What the exercise asks: For the listing below, show each line that includes the string "close".

Given records:

(* Let $m$ be even, $\Omega\subseteq\mathbb R^m$ open, and let $F\in\mathcal C^3(\Omega)$ take values in the $(m/2)$-vectors of $\mathbb R_{0,m}$. Then $F$ is inframonogenic in $\Omega$ if and only if both $F$ and $F(\underline x)\underline x$ are left $3$-monogenic in $\Omega$ (i.e. $\partial_{\underline x}^3F=0$ and $\partial_{\underline x}^3(F\underline x)=0$), and this holds if and only if both $F$ and $\underline xF(\underline x)$ are right $3$-monogenic in $\Omega$ (i.e. $F\partial_{\underline x}^3=0$ and $(\underline xF)\partial_{\underline x}^3=0$).
   Context: $\mathbb R_{0,m}$ is the $2^m$-dimensional real Clifford algebra generated by the orthonormal basis $e_1,\dots,e_m$ of $\mathbb R^m$ with relations $e_je_k+e_ke_j=-2\delta_{jk}$; it has basis $e_A=e_{j_1}\cdots e_{j_k}$, $A=\{j_1<\dots<j_k\}$, and the $k$-vectors are $\sum_{|A|=k}a_Ae_A$, $a_A\in\mathbb R$. A point of $\mathbb R^m$ is identified with $\underline x=\sum_j x_je_j$. The Dirac operator $\partial_{\underline x}=\sum_j e_j\partial_{x_j}$ acts from the left, $\partial_{\underline x}f=\sum_j e_j\partial_{x_j}f$, or from the right, $f\partial_{\underline x}=\sum_j(\partial_{x_j}f)e_j$; powers denote iterated application on the same side. $f\in\mathcal C^2$ is inframonogenic if $\partial_{\underline x}f\partial_{\underline x}=\sum_{i,j}e_i(\partial_{x_i}\partial_{x_j}f)e_j=0$. *)

theory Defs
  imports "HOL-Analysis.Analysis"
begin


text \<open>Real Clifford algebra R_{0,m}, m = CARD('n), with the generators indexed by a
finite linearly ordered type 'n.  An element is its coefficient vector (a_A) indexed
by subsets A of the generator set; e_A = e_{j1}...e_{jk} with j1 < ... < jk.\<close>

type_synonym 'n clif = "real ^ ('n set)"

definition cbasis :: "'n::{finite,linorder} set \<Rightarrow> 'n::{finite,linorder} clif" where
  "cbasis A = (\<chi> B. if B = A then 1 else 0)"

text \<open>Sign in e_A e_B = csign A B e_{A symdiff B}, using e_j e_k = - e_k e_j (j \<noteq> k)
and e_j e_j = -1.\<close>
definition csign :: "'n::{finite,linorder} set \<Rightarrow> 'n::{finite,linorder} set \<Rightarrow> real" where
  "csign A B = (-1) ^ (card {(a, b). a \<in> A \<and> b \<in> B \<and> b < a} + card (A \<inter> B))"

definition cmul :: "'n::{finite,linorder} clif \<Rightarrow> 'n::{finite,linorder} clif \<Rightarrow> 'n::{finite,linorder} clif" (infixl "\<odot>" 70) where
  "u \<odot> v = (\<chi> C. \<Sum>A\<in>UNIV. csign A (A - C \<union> (C - A)) * (u $ A) * (v $ (A - C \<union> (C - A))))"

definition cvec :: "real ^ 'n::{finite,linorder} \<Rightarrow> 'n::{finite,linorder} clif" where
  "cvec x = (\<Sum>j\<in>UNIV. (x $ j) *\<^sub>R cbasis {j})"

definition kvector :: "nat \<Rightarrow> 'n::{finite,linorder} clif \<Rightarrow> bool" where
  "kvector k u \<longleftrightarrow> (\<forall>A. card A \<noteq> k \<longrightarrow> u $ A = 0)"

definition pd :: "'n::{finite,linorder} \<Rightarrow> (real ^ 'n::{finite,linorder} \<Rightarrow> 'b::real_normed_vector) \<Rightarrow> real ^ 'n::{finite,linorder} \<Rightarrow> 'b" where
  "pd j f x = vector_derivative (\<lambda>t. f (x + t *\<^sub>R axis j 1)) (at 0)"

fun Ck_on :: "nat \<Rightarrow> (real ^ 'n::{finite,linorder}) set \<Rightarrow> (real ^ 'n::{finite,linorder} \<Rightarrow> 'b::real_normed_vector) \<Rightarrow> bool" where
  "Ck_on 0 \<Omega> f = continuous_on \<Omega> f"
| "Ck_on (Suc k) \<Omega> f = (continuous_on \<Omega> f \<and>
     (\<forall>j. (\<forall>x\<in>\<Omega>. (\<lambda>t. f (x + t *\<^sub>R axis j 1)) differentiable (at 0)) \<and> Ck_on k \<Omega> (pd j f)))"

definition dirac_l :: "(real ^ 'n::{finite,linorder} \<Rightarrow> 'n::{finite,linorder} clif) \<Rightarrow> real ^ 'n::{finite,linorder} \<Rightarrow> 'n::{finite,linorder} clif" where
  "dirac_l f x = (\<Sum>j\<in>UNIV. cbasis {j} \<odot> pd j f x)"

definition dirac_r :: "(real ^ 'n::{finite,linorder} \<Rightarrow> 'n::{finite,linorder} clif) \<Rightarrow> real ^ 'n::{finite,linorder} \<Rightarrow> 'n::{finite,linorder} clif" where
  "dirac_r f x = (\<Sum>j\<in>UNIV. pd j f x \<odot> cbasis {j})"

definition inframonogenic :: "(real ^ 'n::{finite,linorder}) set \<Rightarrow> (real ^ 'n::{finite,linorder} \<Rightarrow> 'n::{finite,linorder} clif) \<Rightarrow> bool" where
  "inframonogenic \<Omega> f \<longleftrightarrow> (\<forall>x\<in>\<Omega>. dirac_r (dirac_l f) x = 0)"

definition left_monogenic_k :: "nat \<Rightarrow> (real ^ 'n::{finite,linorder}) set \<Rightarrow> (real ^ 'n::{finite,linorder} \<Rightarrow> 'n::{finite,linorder} clif) \<Rightarrow> bool" where
  "left_monogenic_k k \<Omega> f \<longleftrightarrow> (\<forall>x\<in>\<Omega>. (dirac_l ^^ k) f x = 0)"

definition right_monogenic_k :: "nat \<Rightarrow> (real ^ 'n::{finite,linorder}) set \<Rightarrow> (real ^ 'n::{finite,linorder} \<Rightarrow> 'n::{finite,linorder} clif) \<Rightarrow> bool" where
  "right_monogenic_k k \<Omega> f \<longleftrightarrow> (\<forall>x\<in>\<Omega>. (dirac_r ^^ k) f x = 0)"

end

theory Submission
  imports Defs
begin

text \<open>
  Everything is reduced to pointwise identities between the partial derivatives of F
  of order two and three, written as coefficient sums over the generators e_j:
  \<^item> Clifford algebra: the generator relations e_i e_j + e_j e_i = -2\<delta>_ij, associativity
    of products with generators, and the sandwich identity \<Sum>_j e_j u e_j = (-1)^k (2k - m) u
    for k-vectors u, which vanishes for k = m/2;
  \<^item> contraction identities for symmetric coefficient families, from which
    \<partial>^3(F x) = (\<partial>^3F) x - 2 \<partial>F\<partial> and (x F)\<partial>^3 = x (F\<partial>^3) - 2 \<partial>F\<partial> for (m/2)-vector valued F,
    and \<partial>^3F = (\<partial>F\<partial>)\<partial>, F\<partial>^3 = \<partial>(\<partial>F\<partial>) in general;
  \<^item> calculus: partial derivatives with product rules and locality, and Clairaut's theorem
    making the higher partials symmetric.
\<close>

abbreviation e :: "'n::{finite,linorder} \<Rightarrow> 'n clif" where "e j \<equiv> cbasis {j}"

lemma cmul_add_left: "(u + v) \<odot> w = u \<odot> w + v \<odot> w"
  by (simp add: vec_eq_iff cmul_def sum.distrib algebra_simps)
lemma cmul_add_right: "w \<odot> (u + v) = w \<odot> u + w \<odot> v"
  by (simp add: vec_eq_iff cmul_def sum.distrib algebra_simps)
lemma cmul_scaleR_left: "(r *\<^sub>R u) \<odot> w = r *\<^sub>R (u \<odot> w)"
  by (simp add: vec_eq_iff cmul_def sum_distrib_left algebra_simps)
lemma cmul_scaleR_right: "w \<odot> (r *\<^sub>R u) = r *\<^sub>R (w \<odot> u)"
  by (simp add: vec_eq_iff cmul_def sum_distrib_left algebra_simps)
lemma cmul_zero_left [simp]: "0 \<odot> w = 0"
  by (simp add: vec_eq_iff cmul_def)
lemma cmul_zero_right [simp]: "w \<odot> 0 = 0"
  by (simp add: vec_eq_iff cmul_def)
lemma cmul_minus_left: "(- u) \<odot> w = - (u \<odot> w)"
  by (simp add: vec_eq_iff cmul_def sum_negf)
lemma cmul_minus_right: "w \<odot> (- u) = - (w \<odot> u)"
  by (simp add: vec_eq_iff cmul_def sum_negf)
lemma cmul_sum_left: "(\<Sum>i\<in>I. f i) \<odot> w = (\<Sum>i\<in>I. f i \<odot> w)"
  by (induction I rule: infinite_finite_induct) (simp_all add: cmul_add_left)
lemma cmul_sum_right: "w \<odot> (\<Sum>i\<in>I. f i) = (\<Sum>i\<in>I. w \<odot> f i)"
  by (induction I rule: infinite_finite_induct) (simp_all add: cmul_add_right)

lemmas cmul_lin = cmul_add_left cmul_add_right cmul_scaleR_left cmul_scaleR_right
  cmul_minus_left cmul_minus_right cmul_sum_left cmul_sum_right

text \<open>Bounded bilinearity is what makes the product rule available for derivatives.\<close>

lemma bounded_bilinear_cmul: "bounded_bilinear (\<odot>)"
  by (simp add: bilinear_conv_bounded_bilinear[symmetric] bilinear_def linear_iff cmul_lin)

lemma clif_basis_expansion: "u = (\<Sum>A\<in>UNIV. u $ A *\<^sub>R cbasis A)"
proof -
  have "(\<Sum>B\<in>UNIV. u $ B * (if A = B then 1 else 0)) = u $ A" for A
  proof -
    have "(\<Sum>B\<in>UNIV. u $ B * (if A = B then 1 else 0)) = (\<Sum>B\<in>UNIV. if A = B then u $ B else 0)"
      by (rule sum.cong) auto
    then show ?thesis by simp
  qed
  then show ?thesis by (simp add: vec_eq_iff cbasis_def)
qed

lemma clif_linear_ext:
  fixes f g :: "'n::{finite,linorder} clif \<Rightarrow> 'm::real_vector"
  assumes "\<And>u v. f (u + v) = f u + f v" "\<And>r u. f (r *\<^sub>R u) = r *\<^sub>R f u"
    and "\<And>u v. g (u + v) = g u + g v" "\<And>r u. g (r *\<^sub>R u) = r *\<^sub>R g u"
    and "\<And>A. f (cbasis A) = g (cbasis A)"
  shows "f u = g u"
proof -
  have "f 0 = 0" "g 0 = 0" using assms(2)[of 0 0] assms(4)[of 0 0] by simp_all
  then have "f (\<Sum>A\<in>S. u $ A *\<^sub>R cbasis A) = g (\<Sum>A\<in>S. u $ A *\<^sub>R cbasis A)" for S
    by (induction S rule: infinite_finite_induct) (simp_all add: assms)
  then show ?thesis by (metis clif_basis_expansion)
qed

lemma cbasis_mul: "cbasis A \<odot> cbasis B = csign A B *\<^sub>R cbasis (sym_diff A B)"
proof -
  have sd: "(sym_diff A C = B) \<longleftrightarrow> (C = sym_diff A B)" "sym_diff A (sym_diff A B) = B" for C
    by blast+
  have "(cbasis A \<odot> cbasis B) $ C =
      (\<Sum>A'\<in>UNIV. if A' = A then csign A (sym_diff A C) * (if sym_diff A C = B then 1 else 0) else 0)" for C
    unfolding cmul_def cbasis_def vec_lambda_beta by (rule sum.cong) auto
  then show ?thesis by (auto simp: vec_eq_iff cbasis_def sd)
qed

lemma csign_singleton_left: "csign {i} B = (-1) ^ (card {b\<in>B. b < i} + (if i \<in> B then 1 else 0))"
proof -
  have "{(a, b). a \<in> {i} \<and> b \<in> B \<and> b < a} = Pair i ` {b\<in>B. b < i}" by auto
  then have "card {(a, b). a \<in> {i} \<and> b \<in> B \<and> b < a} = card {b\<in>B. b < i}"
    by (simp add: card_image inj_on_def)
  moreover have "card ({i} \<inter> B) = (if i \<in> B then 1 else 0)" by auto
  ultimately show ?thesis by (simp add: csign_def)
qed

lemma csign_singleton_right: "csign B {j} = (-1) ^ (card {a\<in>B. j < a} + (if j \<in> B then 1 else 0))"
proof -
  have "{(a, b). a \<in> B \<and> b \<in> {j} \<and> b < a} = (\<lambda>a. (a, j)) ` {a\<in>B. j < a}" by auto
  then have "card {(a, b). a \<in> B \<and> b \<in> {j} \<and> b < a} = card {a\<in>B. j < a}"
    by (simp add: card_image inj_on_def)
  moreover have "card (B \<inter> {j}) = (if j \<in> B then 1 else 0)" by auto
  ultimately show ?thesis by (simp add: csign_def)
qed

Response area:
by subsets A of the generator set; e_A = e_{j1}...e_{jk} with j1 < ... < jk.\<close>
and e_j e_j = -1.\<close>
\<close>
text \<open>Bounded bilinearity is what makes the product rule available for derivatives.\<close>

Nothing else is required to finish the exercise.